Source note. The eight files in the run folder are the Form 6-K Exhibit 99.1 press releases. They contain Dr. Yan Li's verbatim prepared CEO remarks and the explicit Business Outlook paragraph; they do not contain CFO Fion Zhou's financial walk-through or analyst Q&A. Where the tab quotes Zhou or Q&A, the source is the Seeking Alpha / GuruFocus / Investing.com / MarketBeat full-transcript or highlight reel for that call and is attributed inline. All revenue figures and outlook ranges are USD-translated from RMB at the relevant period-end rate. Unit volumes are absolute.
Bottom line. Over eight quarters, NIU's revenue outlook has cleared its low end six times out of eight — but the two misses are the loud ones: a 50-point shortfall in Q3 FY2024 tied to the China e-bike standard transition, and the Q4 FY2025 −17.4% print against a guide that bracketed flat. The annual unit guide is worse: FY2025 finished at 1.192 million units versus a 1.3–1.6 million guide (a low-end miss of 8%).
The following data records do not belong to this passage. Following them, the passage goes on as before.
(* Conjugation by $\nu$ induces an isomorphism of Lie algebras $\mathfrak{sder}_2\xrightarrow{\sim}\mathfrak{ider}_2$, given by $E_{a,b}\mapsto\nu\circ E_{a,b}\circ\nu=d_{\nu(b)}$.
   Context: $\mathfrak{lie}_2$ is the degree-completed free Lie algebra over $\mathbb{Q}$ on $x,y$; set $z=-x-y$. $\nu$ is the (involutive) automorphism with $\nu(x)=z$, $\nu(y)=y$. For $a,b\in\mathfrak{lie}_2$ with $a$ having no linear term in $x$ and $b$ no linear term in $y$, $E_{a,b}$ is the derivation with $E_{a,b}(x)=[x,a]$, $E_{a,b}(y)=[y,b]$. $\mathfrak{tder}_2$ is the Lie algebra (under commutator) of such $E_{a,b}$ for which $E_{a,b}(z)=[z,c]$ for some $c\in\mathfrak{lie}_2$; $\mathfrak{sder}_2\subset\mathfrak{tder}_2$ consists of those with $[x,a]+[y,b]=0$ (i.e. $E_{a,b}(z)=0$); $\mathfrak{ider}_2\subset\mathfrak{tder}_2$ consists of the Ihara derivations $d_b=E_{0,b}$, $d_b(x)=0$, $d_b(y)=[y,b]$. *)

theory Defs
  imports Complex_Main "HOL-Library.FuncSet"
begin

text \<open>Model: the degree-completed free associative algebra Q<<x,y>> is represented by
  formal series, i.e. functions from words over the alphabet {X,Y} to rationals.\<close>

datatype gen = X | Y

type_synonym ser = "gen list \<Rightarrow> rat"

definition szero :: ser where "szero = (\<lambda>w. 0)"
definition sadd :: "ser \<Rightarrow> ser \<Rightarrow> ser" where "sadd f g = (\<lambda>w. f w + g w)"
definition ssub :: "ser \<Rightarrow> ser \<Rightarrow> ser" where "ssub f g = (\<lambda>w. f w - g w)"
definition ssmul :: "rat \<Rightarrow> ser \<Rightarrow> ser" where "ssmul c f = (\<lambda>w. c * f w)"

definition smul :: "ser \<Rightarrow> ser \<Rightarrow> ser" where
  "smul f g = (\<lambda>w. \<Sum>i\<le>length w. f (take i w) * g (drop i w))"

definition br :: "ser \<Rightarrow> ser \<Rightarrow> ser" where "br f g = ssub (smul f g) (smul g f)"

definition gx :: ser where "gx = (\<lambda>w. if w = [X] then 1 else 0)"
definition gy :: ser where "gy = (\<lambda>w. if w = [Y] then 1 else 0)"
definition gz :: ser where "gz = (\<lambda>w. - gx w - gy w)"

definition hom :: "nat \<Rightarrow> ser \<Rightarrow> ser" where
  "hom n f = (\<lambda>w. if length w = n then f w else 0)"

text \<open>Lie polynomials in x, y (the free Lie algebra, inside the free associative algebra).\<close>
inductive_set liepoly :: "ser set" where
  gen_x: "gx \<in> liepoly"
| gen_y: "gy \<in> liepoly"
| add: "f \<in> liepoly \<Longrightarrow> g \<in> liepoly \<Longrightarrow> sadd f g \<in> liepoly"
| smul: "f \<in> liepoly \<Longrightarrow> ssmul c f \<in> liepoly"
| bracket: "f \<in> liepoly \<Longrightarrow> g \<in> liepoly \<Longrightarrow> br f g \<in> liepoly"

definition lie2 :: "ser set" where "lie2 = {f. \<forall>n. hom n f \<in> liepoly}"

text \<open>The continuous derivation of Q<<x,y>> with x |-> u, y |-> v (u, v without
  constant term): on a word p c s it replaces the letter c by its image.\<close>
definition der :: "ser \<Rightarrow> ser \<Rightarrow> ser \<Rightarrow> ser" where
  "der u v f = (\<lambda>w. \<Sum>i\<le>length w. \<Sum>j\<in>{i<..length w}.
      f (take i w @ [X] @ drop j w) * u (drop i (take j w))
    + f (take i w @ [Y] @ drop j w) * v (drop i (take j w)))"

definition E :: "ser \<Rightarrow> ser \<Rightarrow> ser \<Rightarrow> ser" where "E a b = der (br gx a) (br gy b)"
definition dI :: "ser \<Rightarrow> ser \<Rightarrow> ser" where "dI b = E szero b"

text \<open>The continuous automorphism nu: x |-> z = -x-y, y |-> y.  Coefficient of letter
  w_i in nu(v_i).\<close>
fun nucoef :: "gen \<Rightarrow> gen \<Rightarrow> rat" where
  "nucoef X _ = -1"
| "nucoef Y Y = 1"
| "nucoef Y X = 0"

definition nu :: "ser \<Rightarrow> ser" where
  "nu f = (\<lambda>w. \<Sum>v\<in>{v. length v = length w}.
              f v * (\<Prod>i<length w. nucoef (v ! i) (w ! i)))"

text \<open>Derivations of lie_2 are represented as functions restricted to lie2.\<close>
definition tcond :: "ser \<Rightarrow> ser \<Rightarrow> bool" where
  "tcond a b \<longleftrightarrow> a \<in> lie2 \<and> b \<in> lie2 \<and> a [X] = 0 \<and> b [Y] = 0
                 \<and> (\<exists>c\<in>lie2. E a b gz = br gz c)"

definition tder2 :: "(ser \<Rightarrow> ser) set" where
  "tder2 = {restrict (E a b) lie2 | a b. tcond a b}"

definition sder2 :: "(ser \<Rightarrow> ser) set" where
  "sder2 = {restrict (E a b) lie2 | a b. tcond a b \<and> sadd (br gx a) (br gy b) = szero}"

definition ider2 :: "(ser \<Rightarrow> ser) set" where
  "ider2 = {restrict (E szero b) lie2 | b. tcond szero b}"

definition dcomm :: "(ser \<Rightarrow> ser) \<Rightarrow> (ser \<Rightarrow> ser) \<Rightarrow> ser \<Rightarrow> ser" where
  "dcomm D1 D2 = restrict (\<lambda>f. ssub (D1 (D2 f)) (D2 (D1 f))) lie2"
definition dadd :: "(ser \<Rightarrow> ser) \<Rightarrow> (ser \<Rightarrow> ser) \<Rightarrow> ser \<Rightarrow> ser" where
  "dadd D1 D2 = restrict (\<lambda>f. sadd (D1 f) (D2 f)) lie2"
definition dsmul :: "rat \<Rightarrow> (ser \<Rightarrow> ser) \<Rightarrow> ser \<Rightarrow> ser" where
  "dsmul c D = restrict (\<lambda>f. ssmul c (D f)) lie2"

definition conjnu :: "(ser \<Rightarrow> ser) \<Rightarrow> ser \<Rightarrow> ser" where
  "conjnu D = restrict (\<lambda>f. nu (D (nu f))) lie2"

end

theory Submission
  imports Defs
begin

text \<open>The automorphism \<open>\<nu>\<close> is an involution of \<open>\<bbbQ>\<langle>\<langle>x,y\<rangle>\<rangle>\<close> preserving
  \<open>lie\<^sub>2\<close>, so conjugation by \<open>\<nu>\<close> is an involution on derivations of \<open>lie\<^sub>2\<close>
  compatible with sums, scalar multiples and commutators. A continuous derivation is determined
  by its values on \<open>x\<close> and \<open>y\<close>: if \<open>E\<^sub>a\<^sub>,\<^sub>b\<close> kills \<open>z\<close>, then
  \<open>\<nu> E\<^sub>a\<^sub>,\<^sub>b \<nu>\<close> kills \<open>\<nu>(z) = x\<close> and sends \<open>y = \<nu>(y)\<close> to
  \<open>\<nu>[y,b] = [y,\<nu>(b)]\<close>, so it is \<open>d\<^bsub>\<nu>(b)\<^esub>\<close>. Conversely, if \<open>d\<^bsub>b'\<^esub>(z) = [z,c]\<close>
  then \<open>d\<^bsub>b'\<^esub>\<close> is the conjugate of \<open>E\<^sub>a\<^sub>,\<^sub>b\<close> with \<open>a = \<nu>(c)\<close>, \<open>b = \<nu>(b')\<close>
  (corrected by linear terms, which do not change the derivation), and \<open>E\<^sub>a\<^sub>,\<^sub>b(z) = 0\<close>.\<close>

section \<open>Monomial expansions\<close>

lemma UNIV_gen: "(UNIV :: gen set) = {X, Y}"
  using gen.exhaust by auto

definition words_upto :: "nat \<Rightarrow> gen list set" where
  "words_upto n = {v. length v \<le> n}"

lemma mem_words_upto [simp]: "v \<in> words_upto n \<longleftrightarrow> length v \<le> n"
  by (simp add: words_upto_def)

lemma finite_words_upto [simp]: "finite (words_upto n)"
proof -
  have "finite (UNIV :: gen set)"
    by (simp add: UNIV_gen)
  from finite_lists_length_le[OF this, of n] show ?thesis
    by (simp add: words_upto_def)
qed

lemma finite_words_length_eq: "finite {v :: gen list. length v = n}"
  by (rule finite_subset[OF _ finite_words_upto[of n]]) auto

definition smon :: "gen list \<Rightarrow> ser" where
  "smon p = (\<lambda>w. if w = p then 1 else 0)"

lemma gx_eq_smon: "gx = smon [X]"
  by (auto simp: gx_def smon_def)

lemma gy_eq_smon: "gy = smon [Y]"
  by (auto simp: gy_def smon_def)

text \<open>The continuous linear operators that do not lower the length of words.\<close>
definition monomial_expansion :: "(ser \<Rightarrow> ser) \<Rightarrow> bool" where
  "monomial_expansion L \<longleftrightarrow>
     (\<forall>f w. L f w = (\<Sum>v\<in>words_upto (length w). f v * L (smon v) w))"

lemma monomial_expansionD:
  "monomial_expansion L \<Longrightarrow> L f w = (\<Sum>v\<in>words_upto (length w). f v * L (smon v) w)"
  unfolding monomial_expansion_def by blast

lemma monomial_expansionI:
  fixes A :: "gen list \<Rightarrow> 'i set"
  assumes L: "\<And>f w. L f w = (\<Sum>x\<in>A w. f (h w x) * k w x)"
    and fin: "\<And>w. finite (A w)"
    and len: "\<And>w x. x \<in> A w \<Longrightarrow> length (h w x) \<le> length w"
  shows "monomial_expansion L"
  unfolding monomial_expansion_def
proof (intro allI)
  fix f w
  have smon: "L (smon v) w = (\<Sum>x\<in>A w. if h w x = v then k w x else 0)" for v
    unfolding L smon_def by (rule sum.cong) auto
  have "(\<Sum>v\<in>words_upto (length w). f v * L (smon v) w)
      = (\<Sum>x\<in>A w. \<Sum>v\<in>words_upto (length w). if v = h w x then f (h w x) * k w x else 0)"
    unfolding smon sum_distrib_left by (subst sum.swap) (intro sum.cong; auto)
  also have "\<dots> = (\<Sum>x\<in>A w. f (h w x) * k w x)"
    using len by (intro sum.cong) (simp_all add: sum.delta)
  finally show "L f w = (\<Sum>v\<in>words_upto (length w). f v * L (smon v) w)"
    using L by simp
qed

lemma monomial_expansion_smon_longer:
  assumes "monomial_expansion L" "length w < length v"
  shows "L (smon v) w = 0"
proof -
  have "L (smon v) w = (\<Sum>u\<in>words_upto (length w). smon v u * L (smon u) w)"
    by (rule monomial_expansionD[OF assms(1)])
  also have "\<dots> = 0"
    using assms(2) by (intro sum.neutral) (auto simp: smon_def)
  finally show ?thesis .
qed

lemma monomial_expansion_comp:
  assumes L1: "monomial_expansion L1" and L2: "monomial_expansion L2"
  shows "monomial_expansion (\<lambda>f. L1 (L2 f))"
  unfolding monomial_expansion_def
proof (intro allI)
  fix f :: ser and w :: "gen list"
  let ?W = "words_upto (length w)"
  have L2_upto: "L2 g v = (\<Sum>u\<in>?W. g u * L2 (smon u) v)" if "v \<in> ?W" for g v
  proof -
    have "L2 g v = (\<Sum>u\<in>words_upto (length v). g u * L2 (smon u) v)"
      by (rule monomial_expansionD[OF L2])
    also have "\<dots> = (\<Sum>u\<in>?W. g u * L2 (smon u) v)"
      using that monomial_expansion_smon_longer[OF L2]
      by (intro sum.mono_neutral_left) auto
    finally show ?thesis .
  qed
  have L1_exp: "L1 g w = (\<Sum>v\<in>?W. g v * L1 (smon v) w)" for g
    by (rule monomial_expansionD[OF L1])
  have "L1 (L2 f) w = (\<Sum>v\<in>?W. L2 f v * L1 (smon v) w)"
    by (rule L1_exp)
  also have "\<dots> = (\<Sum>v\<in>?W. \<Sum>u\<in>?W. f u * L2 (smon u) v * L1 (smon v) w)"
    by (intro sum.cong refl) (simp add: L2_upto[where g=f] sum_distrib_right)
  also have "\<dots> = (\<Sum>u\<in>?W. f u * (\<Sum>v\<in>?W. L2 (smon u) v * L1 (smon v) w))"
    by (subst sum.swap) (simp add: sum_distrib_left mult.assoc)
  also have "\<dots> = (\<Sum>u\<in>?W. f u * L1 (L2 (smon u)) w)"
    using L1_exp[where g="L2 (smon _)"] by simp
  finally show "L1 (L2 f) w = (\<Sum>u\<in>?W. f u * L1 (L2 (smon u)) w)" .
qed

lemma monomial_expansion_eqI:
  assumes "monomial_expansion L1" "monomial_expansion L2" "\<And>p. L1 (smon p) = L2 (smon p)"
  shows "L1 f = L2 f"
proof
  fix w
  have "L1 f w = (\<Sum>v\<in>words_upto (length w). f v * L1 (smon v) w)"
    by (rule monomial_expansionD[OF assms(1)])
  also have "\<dots> = (\<Sum>v\<in>words_upto (length w). f v * L2 (smon v) w)"
    using assms(3) by simp
  also have "\<dots> = L2 f w"
    by (rule monomial_expansionD[OF assms(2), symmetric])
  finally show "L1 f w = L2 f w" .
qed

lemma monomial_expansion_sadd:
  assumes "monomial_expansion L1" "monomial_expansion L2"
  shows "monomial_expansion (\<lambda>f. sadd (L1 f) (L2 f))"
  unfolding monomial_expansion_def sadd_def
proof (intro allI)
  fix f w
  show "L1 f w + L2 f w = (\<Sum>v\<in>words_upto (length w). f v * (L1 (smon v) w + L2 (smon v) w))"
    using monomial_expansionD[OF assms(1), of f w] monomial_expansionD[OF assms(2), of f w]
    by (simp add: sum.distrib distrib_left)
qed

lemma monomial_expansion_id: "monomial_expansion (\<lambda>f. f)"
  by (rule monomial_expansionI[where A="\<lambda>w. {()}" and h="\<lambda>w x. w" and k="\<lambda>w x. 1"]) auto

lemma smul_smon_smon: "smul (smon p) (smon q) = smon (p @ q)"
proof
  fix w
  have "take i w = p \<and> drop i w = q \<longleftrightarrow> i = length p \<and> w = p @ q" if "i \<le> length w" for i
    using that by (metis append_eq_conv_conj append_take_drop_id length_take min.absorb2)
  then have "smul (smon p) (smon q) w = (\<Sum>i\<le>length w. if i = length p \<and> w = p @ q then 1 else 0)"
    unfolding smul_def smon_def by (intro sum.cong) auto
  also have "\<dots> = smon (p @ q) w"
    by (cases "w = p @ q") (auto simp: smon_def)
  finally show "smul (smon p) (smon q) w = smon (p @ q) w" .
qed

lemma monomial_expansion_smul_left: "monomial_expansion (\<lambda>f. smul f g)"
  by (rule monomial_expansionI[where A="\<lambda>w. {..length w}" and h="\<lambda>w i. take i w"
        and k="\<lambda>w i. g (drop i w)"]) (auto simp: smul_def)

lemma monomial_expansion_smul_right: "monomial_expansion (\<lambda>f. smul g f)"
  by (rule monomial_expansionI[where A="\<lambda>w. {..length w}" and h="\<lambda>w i. drop i w"
        and k="\<lambda>w i. g (take i w)"]) (auto simp: smul_def mult.commute)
Against that record, the new 1.7–1.9 million unit / +40–60% YoY guide for FY2026 is aspirational, not conservative: the same Q1 outlook was hit ($133.9M actual vs. $126.7–$146.1M guide), but the slope required from Q2 onward (+25–45% on a much harder comp, plus a return to growth overseas after a −68% Q4) leaves no buffer if the GB17761-2024 product-matrix rollout slips past Q2 2026.
1. The Eight Calls, At A Glance
A reader unfamiliar with NIU will see two things in this table immediately. First, the revenue line is not on a trend — quarters swing between +71% and −17% in adjacent calls, because annual seasonality (Q2/Q3 are the China peak) is large and was further distorted by a regulatory standard transition that pulled volume forward and out. Second, the YoY-growth disclosure window NIU is willing to commit to varies from 10 percentage points to a 60-point range — and the period where the range was narrowest (Q3 FY25 → Q4 FY25, a ±10% band) is the one they missed.
2. The Guidance Scorecard — Did The Numbers Match The Words?
This is the cleanest available test of management credibility: take every forward guide NIU has given on the call, place it next to the print they delivered one quarter later, and label.
Reading the scorecard. Six of eight prints have landed in or above the guide range, which is a defensible track record on a relative basis. But two patterns matter more than the headline beat-rate.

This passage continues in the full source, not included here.